• **Activity**: Below are records; report the number of lines in them that include the word "assms", with no other text.
*** Opening Input ***
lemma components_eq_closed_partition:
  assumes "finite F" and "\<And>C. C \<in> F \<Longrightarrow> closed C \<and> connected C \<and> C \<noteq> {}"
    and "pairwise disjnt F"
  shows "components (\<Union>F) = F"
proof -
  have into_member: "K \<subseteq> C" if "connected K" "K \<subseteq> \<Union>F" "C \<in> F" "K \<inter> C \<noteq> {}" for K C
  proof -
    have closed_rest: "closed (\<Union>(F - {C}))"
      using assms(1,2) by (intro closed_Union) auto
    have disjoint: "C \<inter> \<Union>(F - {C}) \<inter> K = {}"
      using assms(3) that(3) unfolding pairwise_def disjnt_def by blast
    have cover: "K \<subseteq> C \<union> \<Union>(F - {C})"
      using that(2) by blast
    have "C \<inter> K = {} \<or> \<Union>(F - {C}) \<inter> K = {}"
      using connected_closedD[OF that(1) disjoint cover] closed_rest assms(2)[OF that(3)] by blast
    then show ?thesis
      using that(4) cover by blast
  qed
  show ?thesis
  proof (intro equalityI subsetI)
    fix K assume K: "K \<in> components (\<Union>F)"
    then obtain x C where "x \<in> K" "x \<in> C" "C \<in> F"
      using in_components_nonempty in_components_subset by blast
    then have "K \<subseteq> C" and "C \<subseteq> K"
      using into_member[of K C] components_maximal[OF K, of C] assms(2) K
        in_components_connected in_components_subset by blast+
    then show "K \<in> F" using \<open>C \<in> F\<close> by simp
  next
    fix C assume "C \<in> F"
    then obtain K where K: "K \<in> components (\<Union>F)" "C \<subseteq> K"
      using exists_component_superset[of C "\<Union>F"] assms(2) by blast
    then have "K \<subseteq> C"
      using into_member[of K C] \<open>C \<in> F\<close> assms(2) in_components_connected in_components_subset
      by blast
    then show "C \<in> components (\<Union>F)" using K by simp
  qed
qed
*** Closing Input ***
*** Opening Input ***
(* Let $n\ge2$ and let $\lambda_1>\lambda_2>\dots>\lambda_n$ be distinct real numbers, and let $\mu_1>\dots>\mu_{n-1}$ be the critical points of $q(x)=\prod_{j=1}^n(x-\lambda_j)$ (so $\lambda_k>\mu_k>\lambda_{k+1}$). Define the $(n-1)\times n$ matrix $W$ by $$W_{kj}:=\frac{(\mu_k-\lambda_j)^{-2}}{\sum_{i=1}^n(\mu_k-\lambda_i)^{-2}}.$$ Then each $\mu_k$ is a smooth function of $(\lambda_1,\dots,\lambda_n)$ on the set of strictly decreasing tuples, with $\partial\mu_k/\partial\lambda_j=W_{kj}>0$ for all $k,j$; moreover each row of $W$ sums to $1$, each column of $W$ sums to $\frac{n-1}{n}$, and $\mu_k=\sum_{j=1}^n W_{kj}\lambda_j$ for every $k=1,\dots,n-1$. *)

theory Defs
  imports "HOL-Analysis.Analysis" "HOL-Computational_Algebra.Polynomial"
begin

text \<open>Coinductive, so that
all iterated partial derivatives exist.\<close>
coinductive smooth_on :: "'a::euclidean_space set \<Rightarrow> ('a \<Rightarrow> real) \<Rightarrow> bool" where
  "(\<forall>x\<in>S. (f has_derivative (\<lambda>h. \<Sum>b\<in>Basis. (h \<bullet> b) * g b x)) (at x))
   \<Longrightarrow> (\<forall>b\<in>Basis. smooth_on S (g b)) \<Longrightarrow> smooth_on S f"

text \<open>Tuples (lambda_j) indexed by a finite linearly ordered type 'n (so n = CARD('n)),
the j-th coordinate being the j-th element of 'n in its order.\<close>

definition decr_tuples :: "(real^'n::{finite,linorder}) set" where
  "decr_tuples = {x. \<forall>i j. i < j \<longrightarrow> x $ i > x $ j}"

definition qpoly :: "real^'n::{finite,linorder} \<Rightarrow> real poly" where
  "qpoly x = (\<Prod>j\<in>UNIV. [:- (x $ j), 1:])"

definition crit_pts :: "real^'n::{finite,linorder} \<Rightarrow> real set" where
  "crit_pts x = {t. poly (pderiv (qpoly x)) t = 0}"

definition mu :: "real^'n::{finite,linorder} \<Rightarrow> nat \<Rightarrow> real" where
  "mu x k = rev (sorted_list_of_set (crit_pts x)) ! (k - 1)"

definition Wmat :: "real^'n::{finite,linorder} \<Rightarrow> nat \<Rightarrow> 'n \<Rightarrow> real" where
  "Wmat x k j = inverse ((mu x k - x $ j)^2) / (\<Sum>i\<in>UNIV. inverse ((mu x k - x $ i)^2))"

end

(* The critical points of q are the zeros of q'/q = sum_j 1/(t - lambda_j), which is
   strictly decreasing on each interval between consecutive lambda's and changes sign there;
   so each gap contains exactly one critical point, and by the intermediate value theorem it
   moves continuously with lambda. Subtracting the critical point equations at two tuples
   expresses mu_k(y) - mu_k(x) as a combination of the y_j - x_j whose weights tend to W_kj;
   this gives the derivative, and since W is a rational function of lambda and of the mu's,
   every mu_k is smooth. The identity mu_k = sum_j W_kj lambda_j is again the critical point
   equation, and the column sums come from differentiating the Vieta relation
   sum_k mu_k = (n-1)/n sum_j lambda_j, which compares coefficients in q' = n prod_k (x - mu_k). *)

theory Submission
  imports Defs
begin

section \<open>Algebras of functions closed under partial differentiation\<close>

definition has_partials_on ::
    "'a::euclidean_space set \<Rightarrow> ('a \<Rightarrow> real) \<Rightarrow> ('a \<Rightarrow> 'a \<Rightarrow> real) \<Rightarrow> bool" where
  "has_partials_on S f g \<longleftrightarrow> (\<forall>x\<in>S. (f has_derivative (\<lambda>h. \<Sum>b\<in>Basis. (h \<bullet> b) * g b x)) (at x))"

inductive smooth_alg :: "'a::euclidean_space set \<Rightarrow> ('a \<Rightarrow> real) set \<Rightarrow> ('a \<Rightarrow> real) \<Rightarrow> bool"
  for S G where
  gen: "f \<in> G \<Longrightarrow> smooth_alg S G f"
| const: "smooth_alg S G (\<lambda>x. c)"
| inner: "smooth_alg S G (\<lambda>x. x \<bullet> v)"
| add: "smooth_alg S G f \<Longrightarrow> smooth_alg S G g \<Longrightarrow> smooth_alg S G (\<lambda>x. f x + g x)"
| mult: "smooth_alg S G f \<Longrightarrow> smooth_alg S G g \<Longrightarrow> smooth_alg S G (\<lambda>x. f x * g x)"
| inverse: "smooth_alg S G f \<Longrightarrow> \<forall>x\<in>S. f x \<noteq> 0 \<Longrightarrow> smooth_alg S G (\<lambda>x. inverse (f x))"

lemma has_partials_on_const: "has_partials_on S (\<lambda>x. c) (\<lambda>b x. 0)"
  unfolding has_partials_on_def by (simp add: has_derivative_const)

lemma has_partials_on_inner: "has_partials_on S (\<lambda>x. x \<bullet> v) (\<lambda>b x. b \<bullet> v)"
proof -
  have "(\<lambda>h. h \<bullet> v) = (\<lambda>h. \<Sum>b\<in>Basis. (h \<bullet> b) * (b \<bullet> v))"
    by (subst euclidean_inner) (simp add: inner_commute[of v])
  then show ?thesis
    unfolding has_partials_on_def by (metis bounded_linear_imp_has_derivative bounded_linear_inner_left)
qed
*** Closing Input ***
• **Expected answer**: 6